There were two negative contributors amongst the Thematic positions. Vietnam (-10bps in Q4, though approx. +50bps in 2019) continued to drift as it has since Q1. The VN Index generally headed in the same direction as the S&P 500 for most of the year, but this changed after the Fed’s October rate cuts when then VN Index pulled back. Generally, there’s little changed with the long-term thesis with economic growth remaining strong (GDP of 7%) and 2019 seeing a substantially tightening in government bond yields. However, there were some short-term cracks in Vietnam’s economic story that likely contributed to the fourth quarter weakness. The PMI fell below 50 and inflation rose above 5% (mainly due to pork prices), both for the first time in a number of years, and foreign investors were net sellers of shares for most of the second half of the year. Finally, OM exited the remaining tiny piece of the Argentina (-2bps) exposure, which has been discussed previously.
Idiosyncratic & Technical
The Funds (+75bps in the quarter, +200bps for the year) performed solidly throughout the year, though their more global nature meant they lagged the S&P 500. Texas Pacific Land Trust (TPL, +65bps in Q4, and +165bps in 2019) continued to perform well. After settling with activist shareholders during 2019, the company’s Conversion Exploration Committee is working on ways to convert or reorganize the Trust into a corporation.

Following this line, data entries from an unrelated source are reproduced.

text \<open>The step \<open>x - \<eta> RobustEst(X)\<close> clips the mean of the points \<open>x - \<eta> X\<^sub>i\<close> to the
  \<open>\<eta> \<sigma>\<close>-interval around their robust statistic (affine equivariance), and both the mean and the
  robust statistic are nonexpansive in these points.\<close>
lemma robust_est_step_infnorm_le:
  fixes x y :: "real ^ 'n"
  assumes rs: "robust_statistic B rs" and B: "1 \<le> B" and "0 \<le> \<eta>" "0 \<le> \<sigma>"
    and close: "\<And>i. i \<in> {1..B} \<Longrightarrow> infnorm ((y - \<eta> *\<^sub>R Y i) - (x - \<eta> *\<^sub>R X i)) \<le> D"
  shows "infnorm ((y - \<eta> *\<^sub>R robust_est B rs Y \<sigma>) - (x - \<eta> *\<^sub>R robust_est B rs X \<sigma>)) \<le> D"
  unfolding infnorm_le_iff_cart
proof
  fix j
  define mean :: "(nat \<Rightarrow> real ^ 'n) \<Rightarrow> real ^ 'n"
    where "mean V = (1 / real B) *\<^sub>R (\<Sum>i\<in>{1..B}. V i)" for V
  define u where "u = (\<lambda>i. x - \<eta> *\<^sub>R X i)"
  define w where "w = (\<lambda>i. y - \<eta> *\<^sub>R Y i)"
  have step: "v $ j - \<eta> * robust_est B rs V \<sigma> $ j
      = clip (rs (\<lambda>i. v - \<eta> *\<^sub>R V i) $ j) (\<eta> * \<sigma>) (mean (\<lambda>i. v - \<eta> *\<^sub>R V i) $ j)"
    for V and v :: "real ^ 'n"
  proof -
    have "rs (\<lambda>i. v - \<eta> *\<^sub>R V i) = v - \<eta> *\<^sub>R rs V"
      using robust_statistic_affine[OF rs, of "- \<eta>" V v] by (simp add: algebra_simps)
    moreover have "mean (\<lambda>i. v - \<eta> *\<^sub>R V i) $ j = v $ j - \<eta> * mean V $ j"
    proof -
      have "(\<Sum>i\<in>{1..B}. (v - \<eta> *\<^sub>R V i) $ j) = real B * v $ j - \<eta> * (\<Sum>i\<in>{1..B}. V i $ j)"
        by (simp add: sum_subtractf sum_distrib_left)
      then show ?thesis
        using B by (simp add: mean_def sum_component right_diff_distrib)
    qed
    ultimately show ?thesis
      unfolding robust_est_component[OF \<open>0 \<le> \<sigma>\<close>] mean_def[symmetric]
        diff_mult_clip[OF \<open>0 \<le> \<eta>\<close> \<open>0 \<le> \<sigma>\<close>]
      by simp
  qed
  have uw: "infnorm (w i - u i) \<le> D" if "i \<in> {1..B}" for i
    using close[OF that] by (simp add: u_def w_def)
  have "infnorm (rs u - rs w) \<le> D"
    by (rule robust_statistic_infnorm_le[OF rs]) (rule uw)
  then have "\<bar>rs w $ j - rs u $ j\<bar> \<le> D"
    using component_le_infnorm_cart[of "rs u - rs w" j] by simp
  moreover have "\<bar>mean w $ j - mean u $ j\<bar> \<le> D"
  proof -
    have "infnorm (mean w - mean u) \<le> D"
      using infnorm_mean_le[of "{1..B}" "\<lambda>i. w i - u i" D] B uw
      by (simp add: mean_def sum_subtractf scaleR_diff_right)
    then show ?thesis
      using component_le_infnorm_cart[of "mean w - mean u" j] by simp
  qed
  ultimately show "\<bar>((y - \<eta> *\<^sub>R robust_est B rs Y \<sigma>) - (x - \<eta> *\<^sub>R robust_est B rs X \<sigma>)) $ j\<bar> \<le> D"
    using \<open>0 \<le> \<eta>\<close> \<open>0 \<le> \<sigma>\<close> step[of y Y] step[of x X] unfolding u_def[symmetric] w_def[symmetric]
    by (simp add: clip_lipschitz)
qed

lemma exists_common_element_except:
  assumes "finite A" "S \<subseteq> A" "S' \<subseteq> A" "card A + 1 < card S + card S'"
  shows "\<exists>k\<in>S \<inter> S'. k \<noteq> a"
proof (rule ccontr)
  assume "\<not> ?thesis"
  then have "card (S \<inter> S') \<le> card {a}"
    by (intro card_mono) auto
  moreover have "card (S \<union> S') \<le> card A"
    using assms by (intro card_mono) auto
  moreover have "card S + card S' = card (S \<union> S') + card (S \<inter> S')"
    using assms by (intro card_Un_Int) (auto intro: finite_subset)
  ultimately show False
    using assms(4) by simp
qed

The Technical book (+201bps), with its exposure to leveraged equity indices, continued to contribute healthily as markets rose taking its contributions to ~400bps for the year.
Portfolio (as at 12/31/19 - all delta and leverage adjusted, as appropriate)
Dislocations: 46.9%
23.1% - Greece (GREK, ALBKY, and EGFEY)
18.3% - Shipping (STNG, DSSI, EURN and NVGS)
5.5% - Uranium (URA, CCJ and NXE)
Thematic: 25.1%
8.6% - Tech: 4th Industrial Revolution (JD, IGV & WCLD)
5.7% - Vietnam (VNM)
5.5% - India (INDA and SCIF)
5.0% - Brazil (EWZ)
0.0% - Blockchain (no positions)
Technical: 22.6%
22.6% - OEW Technical positions (DDM, SSO, and QLD)
Idiosyncratic: 15.6%
12.3% - Funds (ARTTX, CWS, GVAL, and CAPE)
3.3% - Equities (TPL)
Shorts/Hedges: 0.0%
Cash: 1.1%
Disclaimer: Nothing above represents a recommendation in any way, shape or form so please don’t even think of trying to take it that way. For added clarity, while Our Man is invested in all of the securities mentioned that’s a terrible reason for anyone else to do so. Our Man also holds some cash and a few other securities (of negligible value). You should not buy any of these securities because Our Man has mentioned them, but should do your own work and decide what’s best for you given your own circumstances/risk tolerance/etc.